In one town we had to stop at a level crossing as the lights had just started to flash and the warning sound was being given. We were astonished and alarmed to see a woman on a bicycle with two kids in front and back seats ignore the warnings and duck the first descending gate to pedal across. By the time she got to the other side the second barrier had come down and then she got the cycle wheels stuck on the tracks. It was rapidly becoming a scary situation, but luckily for her there was a lot of lead time between the gates coming down and the train passing; someone somewhere must have had manual control of the barrier because the one by her was then raised a little so she could get out. She laughed nervously once clear; I felt like I wanted to slap her for taking such a stupid risk. It was not that surprising though. People here are given very mixed messages about risk-taking, with a paternalistic state that issues countless safety warnings but puts cartoons where there should be a modicum of respect, like police boxes and fire engines; witness this pink rabbit safety barrier, which is not an unusual sight.
We found Tomonoura to be a fiendish place to drive, with little passing space for the heavy two-way traffic and also really busy with pedestrians sharing the narrow roads through the old village. I was glad that it was Nick driving, though he was having flashbacks to the dented door on Christmas Day. After some trouble locating the free car park, with Emily awake and agitated, we finally got there and gratefully piled out. Along the quayside we found lots of fish drying on racks, including some gross baby octopus coated in miso sauce.
The owner of these offered us a nibble of one, which Emily shied away from; Nick tried it but he had too masticate it hard.
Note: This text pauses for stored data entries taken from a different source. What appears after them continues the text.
(* Let $T_1=(Q_1,\Sigma,\Delta,R_1,q_1^0)$ and $T_2=(Q_2,\Delta,\Omega,R_2,q_2^0)$ be top-down tree transducers, let $\hat{T}_1$ be the product construction of $T_1$ and the domain automaton of $T_2$, and let $M$ be the look-ahead transducer constructed from $T_1$ and $T_2$ as described in the context. Let $(q_1,S)$ be a state of $\hat{T}_1$ and $q_2$ a state of $T_2$ with $q_2\in S$. Then for the state $(q_1,S,q_2)$ of $M$, $\text{dom}((q_1,S,q_2))=\text{dom}((q_1,S))$.
   Context: A top-down tree transducer $T=(Q,\Sigma,\Delta,R,q_0)$ has finite state set $Q$, ranked input/output alphabets $\Sigma,\Delta$, initial state $q_0$, and finite rule set $R$ of rules $q(a(x_1,\dots,x_k))\to t$ with $a\in\Sigma_k$ ($\Sigma_k$ = symbols of rank $k$) and $t$ a tree over $\Delta$ whose leaves may additionally be of the form $q'(x_i)$, $q'\in Q$, $i\in[k]$; rules are used as rewrite rules in the usual way; for a state $q$ (of a transducer, with or without look-ahead), $\text{dom}(q)$ is the set of input trees $s$ on which $q$ produces at least one output tree (containing no states). For $q\in Q$, $a\in\Sigma_k$, $\text{rhs}_T(q,a)$ is the set of right-hand sides of rules with left-hand side $q(a(x_1,\dots,x_k))$; for a right-hand side $\xi$ (resp. a set $\Gamma$ of right-hand sides), $\xi[x_i]$ (resp. $\Gamma[x_i]$) is the set of states $q'$ such that $q'(x_i)$ occurs in $\xi$ (resp. in some tree of $\Gamma$). Domain automaton of $T$: the top-down tree automaton (transducer over $\Sigma$ with rules of the form $p(a(x_1,\dots,x_k))\to a(p_1(x_1),\dots,p_k(x_k))$) with states all subsets of $Q$, initial state $\{q_0\}$, rules $S(a(x_1,\dots,x_k))\to a(S_1(x_1),\dots,S_k(x_k))$ for every $a\in\Sigma_k$, nonempty $S=\{q_1,\dots,q_n\}\subseteq Q$ and nonempty $\Gamma_j\subseteq\text{rhs}_T(q_j,a)$ ($j\in[n]$), where $S_i=\bigcup_j\Gamma_j[x_i]$, and rules $\emptyset(a(x_1,\dots,x_k))\to a(\emptyset(x_1),\dots,\emptyset(x_k))$ for all $a$; for an automaton state $l$, $\text{dom}(l)$ is the set of trees accepted from $l$. Product construction of transducers $T=(Q,\Sigma,\Delta,R,q_0)$ and $T'=(Q',\Delta,\Omega,R',q'_0)$: the transducer with states $Q\times Q'$, initial state $(q_0,q'_0)$, and, for every rule $q(a(x_1,\dots,x_k))\to\xi$ of $T$, every $p\in Q'$ and every tree $\zeta$ derivable from $p(\xi)$ using rules of $T'$ in which the leaves of $\xi$ of the form $q''(x_i)$ are treated as unrewritable symbols and a state $p'$ applied to such a leaf stays as $p'(q''(x_i))$, the rule $(q,p)(a(x_1,\dots,x_k))\to\zeta'$ (said to be obtained from the rule $q(a(x_1,\dots,x_k))\to\xi$ by translating $\xi$ with $p$), where $\zeta'$ replaces each $p'(q''(x_i))$ by $(q'',p')(x_i)$. A top-down tree transducer with look-ahead is a tuple $(Q,\Sigma,\Delta,R,q_0,B)$ where $B$ is a top-down tree automaton over $\Sigma$ with state set $L$ and rules have the form $q(a(x_1\!:\!l_1,\dots,x_k\!:\!l_k))\to t$ with $l_i\in L$; on input $s$, each node $v$ with label $a\in\Sigma_k$ is first relabeled by $\langle a,l_1,\dots,l_k\rangle$ where $l_i\in L$ are such that the $i$-th subtree of $v$ is in $\text{dom}(l_i)$, and the relabeled tree is then processed reading each rule as $q(\langle a,l_1,\dots,l_k\rangle(x_1,\dots,x_k))\to t$. Construction of $M$: let $\hat{T}_1$ be the product construction of $T_1$ and the domain automaton of $T_2$ (states written $(q,S)$ with $q\in Q_1$, $S\subseteq Q_2$), and $N$ the product construction of $\hat{T}_1$ and $T_2$ (states written $(q,S,q')$). The states of $M$ are the $(q,S,q')$ with $q'\in S$; its initial state is $(q_1^0,\{q_2^0\},q_2^0)$; its look-ahead automaton is the domain automaton $\hat{A}$ of $\hat{T}_1$. For every rule $(q,S,q')(a(x_1,\dots,x_k))\to\gamma$ of $N$ involving only such states, obtained from the rule $(q,S)(a(x_1,\dots,x_k))\to\xi$ of $\hat{T}_1$ by translating $\xi$ with $q'$, and for all states $l_1,\dots,l_k$ of $\hat{A}$ with $\xi[x_i]\subseteq l_i$ ($i\in[k]$), $M$ has the rule $(q,S,q')(a(x_1\!:\!l_1,\dots,x_k\!:\!l_k))\to\gamma$. *)

theory Defs
  imports Main
begin

datatype ('f, 'v) tm = Fun 'f "('f, 'v) tm list" | Var 'v

fun wf_tree :: "('f \<times> nat) set \<Rightarrow> ('f, 'v) tm \<Rightarrow> bool" where
  "wf_tree \<Sigma> (Fun a ts) = ((a, length ts) \<in> \<Sigma> \<and> (\<forall>t\<in>set ts. wf_tree \<Sigma> t))"
| "wf_tree \<Sigma> (Var v) = False"

definition ground :: "('f, 'v) tm \<Rightarrow> bool" where
  "ground t \<longleftrightarrow> set2_tm t = {}"

text \<open>A right-hand side is a tree over the output alphabet whose leaves may be
  \<open>Var (q', i)\<close>, standing for \<open>q'(x_i)\<close>; the variable index \<open>i\<close> is 0-based
  (i.e. \<open>x_1,\<dots>,x_k\<close> are \<open>0,\<dots>,k-1\<close>).  A rule \<open>(q, (a,k), \<xi>)\<close> stands for
  \<open>q(a(x_1,\<dots>,x_k)) \<rightarrow> \<xi>\<close>.\<close>

record ('q, 'f, 'g) td =
  states :: "'q set"
  inalph :: "('f \<times> nat) set"
  outalph :: "('g \<times> nat) set"
  rules :: "('q \<times> ('f \<times> nat) \<times> ('g, 'q \<times> nat) tm) set"
  init :: 'q

fun wf_rhs :: "('g \<times> nat) set \<Rightarrow> 'q set \<Rightarrow> nat \<Rightarrow> ('g, 'q \<times> nat) tm \<Rightarrow> bool" where
  "wf_rhs \<Delta> Q k (Fun g ts) = ((g, length ts) \<in> \<Delta> \<and> (\<forall>t\<in>set ts. wf_rhs \<Delta> Q k t))"
| "wf_rhs \<Delta> Q k (Var (q, i)) = (q \<in> Q \<and> i < k)"

definition wf_td :: "('q, 'f, 'g) td \<Rightarrow> bool" where
  "wf_td T \<longleftrightarrow> finite (states T) \<and> finite (inalph T) \<and> finite (outalph T)
     \<and> finite (rules T) \<and> init T \<in> states T
     \<and> (\<forall>(q, (a, k), \<xi>) \<in> rules T. q \<in> states T \<and> (a, k) \<in> inalph T
            \<and> wf_rhs (outalph T) (states T) k \<xi>)"

text \<open>Sentential forms are trees over the output alphabet whose leaves may
  be \<open>Var (q, s)\<close>, standing for \<open>q(s)\<close> with \<open>s\<close> an input tree (which may itself contain
  leaves \<open>Var v\<close>; these are not rewritable).\<close>

definition inst :: "('g, 'q \<times> nat) tm \<Rightarrow> ('f, 'v) tm list \<Rightarrow> ('g, 'q \<times> ('f, 'v) tm) tm" where
  "inst \<xi> ss = map_tm id (\<lambda>(q', i). (q', ss ! i)) \<xi>"

inductive tstep :: "('q \<times> ('f \<times> nat) \<times> ('g, 'q \<times> nat) tm) set
     \<Rightarrow> ('g, 'q \<times> ('f, 'v) tm) tm \<Rightarrow> ('g, 'q \<times> ('f, 'v) tm) tm \<Rightarrow> bool"
  for R where
  root: "(q, (a, length ss), \<xi>) \<in> R \<Longrightarrow> tstep R (Var (q, Fun a ss)) (inst \<xi> ss)"
| ctxt: "i < length ts \<Longrightarrow> tstep R (ts ! i) t' \<Longrightarrow> tstep R (Fun g ts) (Fun g (ts[i := t']))"

text \<open>\<open>dom(q)\<close>: input trees on which \<open>q\<close> produces at least one output tree (without states).\<close>

definition td_dom :: "('q, 'f, 'g) td \<Rightarrow> 'q \<Rightarrow> ('f, 'v) tm set" where
  "td_dom T q = {s. wf_tree (inalph T) s \<and>
      (\<exists>t. ground t \<and> (tstep (rules T))\<^sup>*\<^sup>* (Var (q, s)) t)}"

definition rhs_set :: "('q, 'f, 'g) td \<Rightarrow> 'q \<Rightarrow> ('f \<times> nat) \<Rightarrow> ('g, 'q \<times> nat) tm set" where
  "rhs_set T q a = {\<xi>. (q, a, \<xi>) \<in> rules T}"

definition rhs_states :: "('g, 'q \<times> nat) tm \<Rightarrow> nat \<Rightarrow> 'q set" where
  "rhs_states \<xi> i = {q'. (q', i) \<in> set2_tm \<xi>}"

definition domaut :: "('q, 'f, 'g) td \<Rightarrow> ('q set, 'f, 'f) td" where
  "domaut T = \<lparr> states = Pow (states T), inalph = inalph T, outalph = inalph T,
     rules =
       {(S, (a, k), Fun a (map (\<lambda>i. Var ({q'. \<exists>q\<in>S. \<exists>\<xi>\<in>\<Gamma> q. q' \<in> rhs_states \<xi> i}, i)) [0..<k]))
         | S a k \<Gamma>. (a, k) \<in> inalph T \<and> S \<noteq> {} \<and> S \<subseteq> states T
             \<and> (\<forall>q\<in>S. \<Gamma> q \<noteq> {} \<and> \<Gamma> q \<subseteq> rhs_set T q (a, k))}
       \<union> {({}, (a, k), Fun a (map (\<lambda>i. Var ({}, i)) [0..<k])) | a k. (a, k) \<in> inalph T},
     init = {init T} \<rparr>"

text \<open>Translating a right-hand side \<open>\<xi>\<close> of \<open>T\<close> with a state \<open>p\<close> of \<open>T'\<close>: all trees
  \<open>\<zeta>\<close> derivable from \<open>p(\<xi>)\<close> in which every remaining state occurrence is of the form
  \<open>p'(q''(x_i))\<close>, with \<open>p'(q''(x_i))\<close> then replaced by \<open>(q'',p')(x_i)\<close>.\<close>

definition translate :: "('p, 'g, 'h) td \<Rightarrow> 'p \<Rightarrow> ('g, 'q \<times> nat) tm \<Rightarrow> ('h, ('q \<times> 'p) \<times> nat) tm set" where
  "translate T' p \<xi> =
     {map_tm id (\<lambda>(p', u). case u of Var (q'', i) \<Rightarrow> ((q'', p'), i) | Fun _ _ \<Rightarrow> undefined) \<zeta>
       | \<zeta>. (tstep (rules T'))\<^sup>*\<^sup>* (Var (p, \<xi>)) \<zeta> \<and> (\<forall>(p', u) \<in> set2_tm \<zeta>. \<exists>q'' i. u = Var (q'', i))}"

definition prod_td :: "('q, 'f, 'g) td \<Rightarrow> ('p, 'g, 'h) td \<Rightarrow> ('q \<times> 'p, 'f, 'h) td" where
  "prod_td T T' = \<lparr> states = states T \<times> states T', inalph = inalph T, outalph = outalph T',
     rules = {((q, p), a, \<zeta>') | q a \<xi> p \<zeta>'. (q, a, \<xi>) \<in> rules T \<and> p \<in> states T'
                                      \<and> \<zeta>' \<in> translate T' p \<xi>},
     init = (init T, init T') \<rparr>"

text \<open>A rule \<open>(q, ((a, ls), k), t)\<close> stands for \<open>q(a(x_1:l_1,\<dots>,x_k:l_k)) \<rightarrow> t\<close> where
  \<open>ls = [l_1,\<dots>,l_k]\<close>.  The look-ahead automaton is a top-down tree automaton,
  represented as a transducer over \<open>\<Sigma>\<close>.\<close>

record ('q, 'f, 'g, 'l) tdla =
  lstates :: "'q set"
  linalph :: "('f \<times> nat) set"
  loutalph :: "('g \<times> nat) set"
  lrules :: "('q \<times> (('f \<times> 'l list) \<times> nat) \<times> ('g, 'q \<times> nat) tm) set"
  linit :: 'q
  lookahead :: "('l, 'f, 'f) td"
I'm afraid I declined her kind offer too.
Wooded Sensuijima island, where we were to stay overnight, lay a few hundred metres across the water.
Between was a smaller islet topped by a famous two-tiered pagoda with a torii down by the water.
We wandered around the village briefly and had refreshments in a 300 year old house, where they made fresh caramel in a pan over a gas stove for Nick's macchiato . Around the town, Emily was attracting tons of attention, for the first time in ages. Hardly surprising since I only saw one other foreigner the whole time we were there. With the sun fading and the temperatures dropping fast, we rode the miniature pirate boat over to the island, which only took about three minutes to Emily's disappointment. Our accommodation was a kokuminshukusha: a national hotel. Like all of the hotels around the area it was a very ugly building, but inside it had been refurbished quite nicely, and our room was a decent size and with a balcony and a separate tub looking out over the sea, sandy beach and a small island 300m away.
We dumped our stuff then wandered on the beach.
It was feeling chilly by now as the sun was setting, so we didn't stay out there for long. We had booked a private session in the communal bath on the top floor. It would have been a great time to be there if there was a good sunset but it was too cloudy. Emily had to be coaxed to go under the shower and then into the bath, but I inched her in on my lap and she quite liked it, though it was 40C and she soon turned pink.
The name of the dining room might raise a small snigger unless you know that FU in Japanese is always pronounced 'foo'.
Dinner was not as big or interesting as we had thought we would be getting. Nick thought he had asked for the works (kaiseki) but there must have been a misunderstanding. We got braised head of bream, sashimi, various small dishes of vegetable matter and tempura. I had to fill up on rice. Emily wouldn't try anything and just ate the raisin rolls and fruit I had luckily brought. After the meal we were treated to a surprise session of Taiko drumming: something I had always wanted to see in the flesh and hadn't as yet. It was very entertaining; somehow primitive and very stirring. Emily was transfixed while they played their couple of brief but exhausting routines. Despite the excitement she was asleep at 9 and we sat in the entrance lobby of our room talking a while before retiring at 10.